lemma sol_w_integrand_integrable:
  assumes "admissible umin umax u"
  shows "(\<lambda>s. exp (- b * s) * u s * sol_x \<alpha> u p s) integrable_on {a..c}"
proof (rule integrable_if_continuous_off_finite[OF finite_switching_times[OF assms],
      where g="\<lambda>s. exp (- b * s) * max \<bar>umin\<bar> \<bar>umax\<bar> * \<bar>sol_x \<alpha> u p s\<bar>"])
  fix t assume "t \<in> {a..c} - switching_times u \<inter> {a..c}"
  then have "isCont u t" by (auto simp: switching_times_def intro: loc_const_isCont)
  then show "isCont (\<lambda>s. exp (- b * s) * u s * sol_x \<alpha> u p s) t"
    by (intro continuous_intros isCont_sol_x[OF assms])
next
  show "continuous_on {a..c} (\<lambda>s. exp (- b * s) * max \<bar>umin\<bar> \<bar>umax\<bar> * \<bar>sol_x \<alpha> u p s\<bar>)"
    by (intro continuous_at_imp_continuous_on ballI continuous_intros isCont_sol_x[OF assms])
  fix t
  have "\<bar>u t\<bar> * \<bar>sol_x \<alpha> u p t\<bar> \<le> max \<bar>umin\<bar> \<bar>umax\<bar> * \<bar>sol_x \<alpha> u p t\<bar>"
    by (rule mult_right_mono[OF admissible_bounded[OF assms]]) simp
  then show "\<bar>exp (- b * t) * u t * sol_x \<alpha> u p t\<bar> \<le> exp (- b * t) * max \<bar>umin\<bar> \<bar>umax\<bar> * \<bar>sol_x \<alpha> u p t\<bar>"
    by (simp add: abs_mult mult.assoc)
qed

══════════════════════════════

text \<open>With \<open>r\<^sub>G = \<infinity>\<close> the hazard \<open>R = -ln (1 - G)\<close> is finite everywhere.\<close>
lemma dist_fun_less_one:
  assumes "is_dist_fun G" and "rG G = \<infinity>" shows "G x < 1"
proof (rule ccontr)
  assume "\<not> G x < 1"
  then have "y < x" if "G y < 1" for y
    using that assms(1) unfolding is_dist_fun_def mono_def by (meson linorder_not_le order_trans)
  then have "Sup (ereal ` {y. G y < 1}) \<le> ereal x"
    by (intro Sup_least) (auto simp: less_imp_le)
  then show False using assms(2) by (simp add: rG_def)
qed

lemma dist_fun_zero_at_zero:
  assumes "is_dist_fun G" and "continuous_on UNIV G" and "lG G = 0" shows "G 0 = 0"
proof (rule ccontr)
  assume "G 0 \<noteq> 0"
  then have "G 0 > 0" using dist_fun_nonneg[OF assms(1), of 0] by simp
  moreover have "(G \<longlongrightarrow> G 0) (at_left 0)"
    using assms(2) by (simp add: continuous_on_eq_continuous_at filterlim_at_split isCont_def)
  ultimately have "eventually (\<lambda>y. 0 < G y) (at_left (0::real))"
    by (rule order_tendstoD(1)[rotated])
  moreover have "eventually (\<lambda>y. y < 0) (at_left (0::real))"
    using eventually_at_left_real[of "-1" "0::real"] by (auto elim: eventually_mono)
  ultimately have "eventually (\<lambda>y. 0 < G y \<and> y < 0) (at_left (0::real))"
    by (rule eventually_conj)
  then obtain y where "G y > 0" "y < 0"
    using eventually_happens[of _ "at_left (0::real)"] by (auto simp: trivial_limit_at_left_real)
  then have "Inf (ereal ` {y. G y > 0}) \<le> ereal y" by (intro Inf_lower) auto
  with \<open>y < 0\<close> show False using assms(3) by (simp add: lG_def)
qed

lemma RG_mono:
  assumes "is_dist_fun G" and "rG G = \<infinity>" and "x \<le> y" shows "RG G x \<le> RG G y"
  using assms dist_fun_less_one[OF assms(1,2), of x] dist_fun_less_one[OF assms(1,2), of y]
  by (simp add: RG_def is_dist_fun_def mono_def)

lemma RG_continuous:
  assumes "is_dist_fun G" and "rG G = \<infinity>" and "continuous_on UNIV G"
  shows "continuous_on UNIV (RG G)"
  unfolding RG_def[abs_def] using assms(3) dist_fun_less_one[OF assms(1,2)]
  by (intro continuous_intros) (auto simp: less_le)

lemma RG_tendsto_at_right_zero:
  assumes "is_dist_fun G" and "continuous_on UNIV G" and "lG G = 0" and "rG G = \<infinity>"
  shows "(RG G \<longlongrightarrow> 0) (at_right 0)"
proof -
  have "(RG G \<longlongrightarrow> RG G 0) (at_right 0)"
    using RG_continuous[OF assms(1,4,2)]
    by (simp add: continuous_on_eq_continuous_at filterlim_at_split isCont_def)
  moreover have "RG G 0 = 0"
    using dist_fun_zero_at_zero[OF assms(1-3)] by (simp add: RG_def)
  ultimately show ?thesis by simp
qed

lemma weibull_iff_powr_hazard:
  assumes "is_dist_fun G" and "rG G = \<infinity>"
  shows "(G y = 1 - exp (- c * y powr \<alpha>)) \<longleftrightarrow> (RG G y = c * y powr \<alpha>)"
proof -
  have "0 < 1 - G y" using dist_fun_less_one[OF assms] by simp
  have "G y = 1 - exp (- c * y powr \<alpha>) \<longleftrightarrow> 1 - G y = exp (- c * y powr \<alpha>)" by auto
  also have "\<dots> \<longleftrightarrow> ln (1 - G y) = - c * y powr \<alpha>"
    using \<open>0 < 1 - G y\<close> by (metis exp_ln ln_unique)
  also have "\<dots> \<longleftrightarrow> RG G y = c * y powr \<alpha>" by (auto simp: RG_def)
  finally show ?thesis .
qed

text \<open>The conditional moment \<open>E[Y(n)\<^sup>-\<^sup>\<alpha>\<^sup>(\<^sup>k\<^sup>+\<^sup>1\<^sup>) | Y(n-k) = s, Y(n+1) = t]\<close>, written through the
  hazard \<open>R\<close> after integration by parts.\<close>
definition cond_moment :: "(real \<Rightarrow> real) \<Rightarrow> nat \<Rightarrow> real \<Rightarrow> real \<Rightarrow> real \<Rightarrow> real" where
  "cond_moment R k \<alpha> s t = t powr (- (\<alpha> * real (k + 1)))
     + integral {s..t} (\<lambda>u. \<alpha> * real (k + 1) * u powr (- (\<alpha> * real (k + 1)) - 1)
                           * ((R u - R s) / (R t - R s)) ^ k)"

══════════════════════════════

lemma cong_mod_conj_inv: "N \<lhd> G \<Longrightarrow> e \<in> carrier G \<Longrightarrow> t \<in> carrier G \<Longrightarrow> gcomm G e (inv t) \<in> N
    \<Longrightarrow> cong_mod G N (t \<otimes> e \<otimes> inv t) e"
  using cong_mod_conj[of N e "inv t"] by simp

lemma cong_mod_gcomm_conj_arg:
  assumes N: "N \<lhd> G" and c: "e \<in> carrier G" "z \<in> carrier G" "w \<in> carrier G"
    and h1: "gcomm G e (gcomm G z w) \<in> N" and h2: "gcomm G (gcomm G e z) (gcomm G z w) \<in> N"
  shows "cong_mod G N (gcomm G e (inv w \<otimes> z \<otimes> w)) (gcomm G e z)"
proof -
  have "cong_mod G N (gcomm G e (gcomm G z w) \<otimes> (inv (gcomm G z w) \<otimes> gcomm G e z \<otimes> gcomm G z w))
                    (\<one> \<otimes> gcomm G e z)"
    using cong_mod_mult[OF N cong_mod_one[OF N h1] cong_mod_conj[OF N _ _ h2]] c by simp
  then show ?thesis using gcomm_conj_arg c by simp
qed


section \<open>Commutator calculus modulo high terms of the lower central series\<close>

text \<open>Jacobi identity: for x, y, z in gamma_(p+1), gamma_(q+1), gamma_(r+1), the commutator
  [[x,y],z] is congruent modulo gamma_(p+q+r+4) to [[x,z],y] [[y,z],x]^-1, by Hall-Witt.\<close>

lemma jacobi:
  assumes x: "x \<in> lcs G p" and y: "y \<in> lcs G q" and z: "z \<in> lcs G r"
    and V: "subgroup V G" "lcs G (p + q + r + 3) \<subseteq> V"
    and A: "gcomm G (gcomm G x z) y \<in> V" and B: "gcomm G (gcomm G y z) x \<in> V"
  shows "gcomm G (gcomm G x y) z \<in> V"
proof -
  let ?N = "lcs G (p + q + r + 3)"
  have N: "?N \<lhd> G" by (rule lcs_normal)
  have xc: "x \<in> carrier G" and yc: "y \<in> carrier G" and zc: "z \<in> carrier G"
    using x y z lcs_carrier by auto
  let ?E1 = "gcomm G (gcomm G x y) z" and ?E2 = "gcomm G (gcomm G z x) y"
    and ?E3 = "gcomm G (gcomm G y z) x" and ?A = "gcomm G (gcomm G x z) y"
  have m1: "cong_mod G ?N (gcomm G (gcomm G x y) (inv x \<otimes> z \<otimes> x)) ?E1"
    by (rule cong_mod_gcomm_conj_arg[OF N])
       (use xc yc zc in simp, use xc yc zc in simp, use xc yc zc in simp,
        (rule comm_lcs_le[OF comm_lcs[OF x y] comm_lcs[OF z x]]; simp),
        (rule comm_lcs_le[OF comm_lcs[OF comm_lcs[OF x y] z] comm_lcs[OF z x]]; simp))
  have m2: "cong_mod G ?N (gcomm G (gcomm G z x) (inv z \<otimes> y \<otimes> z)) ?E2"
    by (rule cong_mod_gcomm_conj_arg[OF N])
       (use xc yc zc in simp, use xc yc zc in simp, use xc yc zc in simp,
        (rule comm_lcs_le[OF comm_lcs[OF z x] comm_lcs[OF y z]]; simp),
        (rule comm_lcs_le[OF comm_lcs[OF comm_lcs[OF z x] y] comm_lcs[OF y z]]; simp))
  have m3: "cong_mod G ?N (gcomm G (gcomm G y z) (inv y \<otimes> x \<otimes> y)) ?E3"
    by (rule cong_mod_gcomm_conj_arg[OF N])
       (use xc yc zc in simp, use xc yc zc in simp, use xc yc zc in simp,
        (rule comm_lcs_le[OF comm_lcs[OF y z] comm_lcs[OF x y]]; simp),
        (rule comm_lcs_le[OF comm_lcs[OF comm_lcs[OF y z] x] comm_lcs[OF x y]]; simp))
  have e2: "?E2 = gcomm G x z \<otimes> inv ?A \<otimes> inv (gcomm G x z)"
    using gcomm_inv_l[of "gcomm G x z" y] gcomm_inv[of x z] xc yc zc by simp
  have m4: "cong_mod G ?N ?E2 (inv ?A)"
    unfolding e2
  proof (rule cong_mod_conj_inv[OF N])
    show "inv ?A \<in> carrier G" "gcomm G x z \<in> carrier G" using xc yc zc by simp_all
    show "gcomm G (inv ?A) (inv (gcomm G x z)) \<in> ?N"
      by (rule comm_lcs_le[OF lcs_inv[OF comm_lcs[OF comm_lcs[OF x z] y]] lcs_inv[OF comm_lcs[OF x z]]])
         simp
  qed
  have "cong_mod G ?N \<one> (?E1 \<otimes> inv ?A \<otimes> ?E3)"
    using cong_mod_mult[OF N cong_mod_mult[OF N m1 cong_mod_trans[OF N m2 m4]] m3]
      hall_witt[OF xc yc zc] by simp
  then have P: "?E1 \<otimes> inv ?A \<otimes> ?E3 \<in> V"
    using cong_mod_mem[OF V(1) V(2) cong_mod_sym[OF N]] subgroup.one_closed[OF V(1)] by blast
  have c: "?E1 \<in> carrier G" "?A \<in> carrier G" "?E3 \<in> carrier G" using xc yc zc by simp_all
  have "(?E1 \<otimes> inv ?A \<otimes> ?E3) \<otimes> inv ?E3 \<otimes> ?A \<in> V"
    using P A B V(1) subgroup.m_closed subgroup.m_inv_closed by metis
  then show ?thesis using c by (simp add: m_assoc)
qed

══════════════════════════════

## TASK TO COMPLETE
Will you return exactly the lines above from the one with "hazard \<open>R\<close> after" down to the one with "real) \<Rightarrow> nat", counting both as part of the range?

## RESPONSE TO THE EXERCISE
  hazard \<open>R\<close> after integration by parts.\<close>
definition cond_moment :: "(real \<Rightarrow> real) \<Rightarrow> nat \<Rightarrow> real \<Rightarrow> real \<Rightarrow> real \<Rightarrow> real" where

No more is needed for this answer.